# electric, fuel less nail gun



## mrgins (Jan 19, 2009)

Does anyone have any feedback on either the Paslode or the Rigid battery powered hoseless finish guns. I've heard negative things about both but I'd like to hear pros and cons from the owners.


----------



## canadaclub (Oct 19, 2006)

Three years ago i bought a B&D corddless nailer. It was on sale for $70 so I figured what the heck. I love it, especially for small projects, but have also used it on larger jobs. I have installed 250ft of crown on a single charge. I always keep it in the truck for unforeseen repairs.


----------



## mrgins (Jan 19, 2009)

what length and gauge nails does it shoot?


----------



## canadaclub (Oct 19, 2006)

max length is 2" I think min. is 5/8" uses 18ga nails


----------



## PaliBob (Jun 11, 2008)

I have an old 12V PC nailer and also the original PC Bammer fuel cell nailer. both now museum pieces.

The hottest new cordless Nailer (aimed at the Pro market) is the Senco Fusion that comes as a 15 gauge finish nailer or an 18 gauge brad nailer

http://www.kentec.com/SencoFusion.html
.


----------



## canadaclub (Oct 19, 2006)

How cool is THAT!:thumbsup:


----------



## kwikfishron (Mar 11, 2010)

Four hundred bucks worth of cool.


----------



## mrgins (Jan 19, 2009)

Thanks guys. Some good options there. I'd heard from my tool repair man that the Paslode hoseless guns spent a lot of time being repaired


----------



## loneframer (Mar 27, 2009)

mrgins said:


> Thanks guys. Some good options there. I'd heard from my tool repair man that the Paslode hoseless guns spent a lot of time being repaired


 OK, time to chime in.

I have 3 Impulse framing guns, a 16 gauge straight nailer, 16 gauge angled nailer and an 18 gauge brad nailer.

Aside from cold weather issues with the fuel cells, all of my guns work without any more trouble than a pnuematic gun. There is maintenance with all guns, if cared for properly. My Paslode Impulse guns get cleaned about once a year, maybe twice on the angled gun, which gets the most use.
It takes about 15 minutes to properly clean and lubricate them.

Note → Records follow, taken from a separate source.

text \<open>Every row sums to zero, since both ends of each edge are listed in ws.\<close>

lemma det_reduced_laplacian_isolated_root:
  assumes "\<forall>e\<in>F. fst (ends e) \<in> set ws \<and> snd (ends e) \<in> set ws" "distinct ws" "ws \<noteq> []"
  shows "det (reduced_laplacian F ends ws) = 0"
proof -
  let ?n = "length ws"
  let ?one = "vec ?n (\<lambda>_. 1 :: real)"
  have row_sum: "(\<Sum>j<?n. incidence ends e (ws ! j)) = 0" if "e \<in> F" for e
  proof -
    have "(\<Sum>j<?n. incidence ends e (ws ! j)) = sum (incidence ends e) (set ws)"
      using sum.reindex_bij_betw[OF bij_betw_nth[OF assms(2) refl refl], of "incidence ends e"]
      by (simp add: atLeast0LessThan)
    also have "\<dots> = 0"
      using assms(1) that by (simp add: incidence_def sum_subtractf sum.delta)
    finally show ?thesis .
  qed
  have "reduced_laplacian F ends ws *\<^sub>v ?one = 0\<^sub>v ?n"
  proof (rule eq_vecI)
    fix i assume "i < dim_vec (0\<^sub>v ?n :: real vec)"
    then have i: "i < ?n" by simp
    have "(reduced_laplacian F ends ws *\<^sub>v ?one) $ i
        = (\<Sum>j<?n. \<Sum>e\<in>F. incidence ends e (ws ! i) * incidence ends e (ws ! j))"
      using i by (simp add: scalar_prod_def row_def index_reduced_laplacian atLeast0LessThan)
    also have "\<dots> = (\<Sum>e\<in>F. incidence ends e (ws ! i) * (\<Sum>j<?n. incidence ends e (ws ! j)))"
      by (simp add: sum.swap[of _ "{..<?n}" F] sum_distrib_left)
    finally show "(reduced_laplacian F ends ws *\<^sub>v ?one) $ i = 0\<^sub>v ?n $ i"
      using i row_sum by simp
  qed simp
  moreover have "?one \<noteq> 0\<^sub>v ?n"
  proof
    assume "?one = 0\<^sub>v ?n"
    then have "?one $ 0 = 0\<^sub>v ?n $ 0" by simp
    with assms(3) show False by simp
  qed
  moreover have "?one \<in> carrier_vec ?n" by simp
  ultimately show ?thesis
    using det_0_iff_vec_prod_zero[OF reduced_laplacian_carrier(1)[of F ends ws]] by blast
qed

lemma ntrees_isolated_root:
  assumes "mgraph V F ends" "r \<in> V" "\<forall>e\<in>F. fst (ends e) \<noteq> r \<and> snd (ends e) \<noteq> r"
  shows "ntrees V F ends = (if V = {r} then 1 else 0)"
proof (cases "V = {r}")
  case True
  with assms have "F = {}"
    by (fastforce simp: mgraph_def)
  with True have "spanning_tree V F ends T \<longleftrightarrow> T = {}" for T
    by (auto simp: spanning_tree_def connected_mg_def acyclic_mg_def)
  with True show ?thesis
    by (simp add: ntrees_def)
next
  case False
  with assms(2) obtain v where v: "v \<in> V" "v \<noteq> r" by blast
  have "\<not> spanning_tree V F ends T" for T
  proof
    assume T: "spanning_tree V F ends T"
    then have "reach T ends r v"
      using assms(2) v(1) by (auto simp: spanning_tree_def connected_mg_def)
    moreover have "\<forall>e\<in>T. fst (ends e) \<noteq> r \<and> snd (ends e) \<noteq> r"
      using T assms(3) by (auto simp: spanning_tree_def)
    ultimately show False
      using reach_avoiding_isolated v(2) by metis
  qed
  with False show ?thesis
    by (simp add: ntrees_def)
qed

Over the last seven years or so, I've installed thousands of feet of PVC trim with my Impulse Trim guns, as well as many feet of crown molding in furnished homes, with zero mechanical failures. The freedom of movement is priceless when 30' in the air, or hanging crown over a china cabinet. An occasional nail jam has occured, but is more likely due to the fasteners than the guns. 
I have the option to turn to many choices for nailing, but more often than not, I grab the orange guns.


----------



## acerunner (Dec 16, 2009)

PaliBob said:


> I have an old 12V PC nailer and also the original PC Bammer fuel cell nailer. both now museum pieces.
> 
> The hottest new cordless Nailer (aimed at the Pro market) is the Senco Fusion that comes as a 15 gauge finish nailer or an 18 gauge brad nailer
> 
> ...


That's a similar idea that the Turanair system uses. Small tank of highly compressed air. Don't know how much the system costs though, but you can use it with any regular air tool, no need for dedicated tool. Compressed nitrogen is basically same as compressed air, air around u is 80% nitrogen.


----------



## firehawkmph (Dec 12, 2009)

MrGin,
I have a dewalt 18v cordless trim nailer. It shoots 16 ga nails up to 2 1/2". I have had it for a few years now, or whenever they first came out. It works very well and requires no maintenance. I have had the impulse guns and still have and use air powered. But more often than not, I grab the dewalt.
Mike Hawkins


----------



## mrgins (Jan 19, 2009)

Mike, do you find the DeWalt a bit heavy or not quite as well balanced as the others?


----------



## PaliBob (Jun 11, 2008)

The 18V DeWalt Brad Nailer DC608K looks sweet
It uses Flywheel technology but has a very short wind-up time so that it can shoot 18 gauge brads from 5/8" to 2" at up to 4-5, Nails/Sec
Some early DC608 models had a safety problem when they came out over two years ago.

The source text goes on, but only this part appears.